In conclusion, then, there is no reason why all issues arising out of a tort claim must be resolved by reference to the law of the same jurisdiction. Where the issue involves standards of conduct, it is more than likely that it is the law of the place of the tort which will be controlling but the disposition of other issues must turn, as does the issue of the standard of conduct itself, on the law of the jurisdiction which has the strongest interest in the resolution of the particular issue presented.
[Id. 240 N.Y.S.2d at 752, 191 N.E.2d at 285.]

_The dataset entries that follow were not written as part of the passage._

(* Let $f\in C([0,1])$. Then $f\in\mathcal{F}_0$ if and only if there exist real numbers $\alpha_h$, $h\in\mathbf{Z}$, such that $$f(t)=\alpha_0t+\lim_{N\to+\infty}\sum_{1\le|h|\le N}\alpha_h\frac{e(ht)-1}{2i\pi h}\Bigl(1-\frac{|h|}{N}\Bigr)$$ uniformly for $t\in[0,1]$. For $f\in\mathcal{F}_0$, this expansion holds if and only if $\alpha_0=f(1)$ and $\alpha_h=f(1)+2i\pi h\widehat f(h)$ for $h\neq0$, where $\widehat f(h)=\int_0^1f(t)e(-ht)\,dt$. Moreover, for $f\in\mathcal{F}_0$ with these coefficients, $f\in\mathcal{S}$ if and only if $|\alpha_h|\le2$ for all $h\in\mathbf{Z}$.
   Context: $e(z)=e^{2i\pi z}$. $C([0,1])$ is the space of continuous complex-valued functions on $[0,1]$ with the sup norm. $\mathcal{F}_0$ is the real vector space of all $f\in C([0,1])$ such that $f(t)+\overline{f(1-t)}=f(1)$ for all $t\in[0,1]$. $\mathcal{S}$ is the support in $C([0,1])$ of the law of the random series $\mathrm{K}(t)=t\,\mathrm{ST}_0+\sum_{h\neq0}\frac{e(ht)-1}{2\pi i h}\mathrm{ST}_h$, where $(\mathrm{ST}_h)_{h\in\mathbf{Z}}$ are independent with Sato–Tate law $\frac1\pi\sqrt{1-x^2/4}\,dx$ on $[-2,2]$ (almost surely uniformly convergent via symmetric partial sums); equivalently, $\mathcal{S}$ is the set of $f\in C([0,1])$ with $f(0)=0$, $f(1)\in[-2,2]$, and such that $g(t)=f(t)-tf(1)$ has $\widehat g(h)\in i\mathbf{R}$ and $|\widehat g(h)|\le1/(\pi|h|)$ for all $h\ne0$. *)

theory Defs
  imports "HOL-Analysis.Analysis"
begin

definition e :: "complex \<Rightarrow> complex" where
  "e z = exp (2 * of_real pi * \<i> * z)"

definition fourier_coeff :: "(real \<Rightarrow> complex) \<Rightarrow> int \<Rightarrow> complex" where
  "fourier_coeff f h = integral {0..1} (\<lambda>t. f t * e (- (of_int h * of_real t)))"

definition F0 :: "(real \<Rightarrow> complex) set" where
  "F0 = {f. continuous_on {0..1} f \<and>
            (\<forall>t\<in>{0..1}. f t + cnj (f (1 - t)) = f 1)}"

text \<open>The support S, via the equivalent description given in the context.\<close>
definition S :: "(real \<Rightarrow> complex) set" where
  "S = {f. continuous_on {0..1} f \<and> f 0 = 0 \<and> f 1 \<in> complex_of_real ` {-2..2} \<and>
           (let g = (\<lambda>t. f t - of_real t * f 1) in
            \<forall>h::int. h \<noteq> 0 \<longrightarrow>
              Re (fourier_coeff g h) = 0 \<and>
              norm (fourier_coeff g h) \<le> 1 / (pi * \<bar>of_int h\<bar>))}"

definition fejer_partial :: "(int \<Rightarrow> real) \<Rightarrow> nat \<Rightarrow> real \<Rightarrow> complex" where
  "fejer_partial \<alpha> N t =
     of_real (\<alpha> 0) * of_real t +
     (\<Sum>h\<in>{-int N..int N} - {0}.
        of_real (\<alpha> h) * (e (of_int h * of_real t) - 1) / (2 * \<i> * of_real pi * of_int h)
        * of_real (1 - of_int \<bar>h\<bar> / real N))"

definition has_expansion :: "(int \<Rightarrow> real) \<Rightarrow> (real \<Rightarrow> complex) \<Rightarrow> bool" where
  "has_expansion \<alpha> f \<longleftrightarrow> uniform_limit {0..1} (fejer_partial \<alpha>) f sequentially"

definition expansion_coeffs :: "(real \<Rightarrow> complex) \<Rightarrow> (int \<Rightarrow> real) \<Rightarrow> bool" where
  "expansion_coeffs f \<alpha> \<longleftrightarrow> complex_of_real (\<alpha> 0) = f 1 \<and>
     (\<forall>h::int. h \<noteq> 0 \<longrightarrow>
        complex_of_real (\<alpha> h) = f 1 + 2 * \<i> * of_real pi * of_int h * fourier_coeff f h)"
lemma simple_graph_A_graph: "simple_graph (A_graph l)"
  unfolding simple_graph_def A_graph_def by auto

lemma clique_A_graph:
  assumes "W \<subseteq> {1..l}"
  shows "clique (A_graph l) W"
  unfolding clique_def
proof (intro conjI ballI impI)
  have "{1..l} \<subseteq> fst (A_graph l)" by (auto simp: A_graph_def)
  with assms show "W \<subseteq> fst (A_graph l)" by (rule order_trans)
  fix a b assume "a \<in> W" "b \<in> W" "a \<noteq> b"
  then have "a \<in> {1..l}" "b \<in> {1..l}" using assms by auto
  then show "adj (A_graph l) a b"
    using \<open>a \<noteq> b\<close> unfolding adj_def A_graph_def snd_conv mem_Collect_eq
    by (intro exI[of _ a] exI[of _ b]) auto
qed

lemma F_degree_A_graph_ge:
  assumes "simple_graph F" "fst F \<noteq> {}" "card (fst F) \<le> l"
  shows "(l - 1) choose (card (fst F) - 1) \<le> F_degree F (A_graph l) 1"
proof -
  let ?n = "card (fst F)"
  have "?n \<ge> 1" using assms(1,2) unfolding simple_graph_def by (simp add: Suc_le_eq card_gt_0_iff)
  then have "(l - 1) choose (?n - 1) = card {W. {1} \<subseteq> W \<and> W \<subseteq> {1..l} \<and> card W = ?n}"
    using card_sets_between[of "{1..l}" "{1}" ?n] assms(3) by simp
  also have "\<dots> \<le> card {W. clique (A_graph l) W \<and> 1 \<in> W \<and> card W = ?n}"
  proof (rule card_mono)
    show "finite {W. clique (A_graph l) W \<and> 1 \<in> W \<and> card W = ?n}"
      by (rule finite_subset[of _ "Pow (fst (A_graph l))"]) (auto simp: clique_def A_graph_def)
    show "{W. {1} \<subseteq> W \<and> W \<subseteq> {1..l} \<and> card W = ?n} \<subseteq> {W. clique (A_graph l) W \<and> 1 \<in> W \<and> card W = ?n}"
      using clique_A_graph by auto
  qed
  also have "\<dots> \<le> F_degree F (A_graph l) 1"
    using card_cliques_le_F_degree[OF assms(1) simple_graph_A_graph] .
  finally show ?thesis .
qed

lemma A_graph_edge_subset: "e \<in> snd (A_graph l) \<Longrightarrow> e \<subseteq> {1..2*l-1}"
  unfolding A_graph_def by auto

lemma F2l_graph_adj_top: "adj (F2l_graph l t) (2*l) w \<Longrightarrow> w \<noteq> 2*l \<Longrightarrow> w \<in> {1..t}"
  unfolding adj_def F2l_graph_def using A_graph_edge_subset[of "{2*l, w}" l]
  by (auto simp: doubleton_eq_iff)

lemma F2l_graph_adj_le:
  assumes "adj (F2l_graph l t) a w" "a \<noteq> 2*l" "w \<noteq> 2*l"
  shows "w \<le> a + l - 1"
proof -
  have "{a, w} \<in> snd (A_graph l)"
    using assms unfolding adj_def F2l_graph_def by (auto simp: doubleton_eq_iff)
  then obtain i j where "{a, w} = {i, j}" "i \<noteq> j" "(if i \<le> j then j - i else i - j) \<le> l - 1"
    unfolding A_graph_def by auto
  then show ?thesis by (auto simp: doubleton_eq_iff split: if_splits)
qed

lemma F2l_graph_vertex: "w \<in> fst (F2l_graph l t) \<Longrightarrow> w \<noteq> 2*l \<Longrightarrow> w \<in> {1..2*l-1}"
  unfolding F2l_graph_def A_graph_def by auto

lemma F2l_graph_copy_adj_top:
  assumes "simple_graph F" "subgraph H (F2l_graph l t)" "iso_map \<phi> F H"
    and "v \<in> fst F" "\<phi> v = 2*l" "adj F v u"
  shows "\<phi> u \<in> {1..t}"
proof (rule F2l_graph_adj_top)
  show "adj (F2l_graph l t) (2*l) (\<phi> u)" using iso_map_adj[OF assms(3,2,6)] assms(5) by simp
  show "\<phi> u \<noteq> 2*l" using iso_map_neighbour_ne[OF assms(1,3,4,6)] assms(5) by simp
qed

lemma F2l_graph_copy_contains_low_vertices:
  assumes "simple_graph F" "t \<le> min_degree F" "subgraph H (F2l_graph l t)" "iso_map \<phi> F H"
    and "v \<in> fst F" "\<phi> v = 2*l"
  shows "{1..t} \<subseteq> fst H"
proof -
  define N where "N = {u \<in> fst F. adj F v u}"
  have inj: "inj_on \<phi> (fst F)" and img: "\<phi> ` fst F = fst H"
    using assms(4) unfolding iso_map_def bij_betw_def by simp_all
  have "\<phi> ` N \<subseteq> {1..t}" using F2l_graph_copy_adj_top[OF assms(1,3,4,5,6)] unfolding N_def by auto
  moreover have "t \<le> card (\<phi> ` N)"
  proof -
    have "card (\<phi> ` N) = degree F v"
      unfolding N_def degree_def by (rule card_image) (rule inj_on_subset[OF inj], auto)
    moreover have "finite (fst F)" using assms(1) unfolding simple_graph_def by simp
    then have "min_degree F \<le> degree F v" using assms(5) by (rule min_degree_le_degree)
    ultimately show ?thesis using assms(2) by simp
  qed
  ultimately have "\<phi> ` N = {1..t}"
    using card_mono[OF finite_atLeastAtMost, of "\<phi> ` N" 1 t] by (intro card_subset_eq) auto
  then show ?thesis using img N_def by auto
qed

The New Jersey Supreme Court has adopted the rationale expressed in Babcock. See Mellk v. Sarahson, 49 N.J. 226, 229 A.2d 625 (1967); Pfau v. Trent Aluminum Co., 55 N.J. 511, 263 A.2d 129 (1970). In Veazey v. Doremus, 103 N.J. 244, 510 A.2d 1187 (1986), the Court established the following framework for analyzing choice of law problems:

The first step in the analysis is to determine whether a conflict exists between the law of the interested states. Any such conflict is to be determined on an issue-by-issue basis. If an actual conflict exists, the next step is to identify the governmental policies underlying the law of each state and how those policies are affected by each state's contacts to the litigation and to the parties. If a state's contacts are not related to the policies underlying its law, then the state does not possess an interest in having its law apply.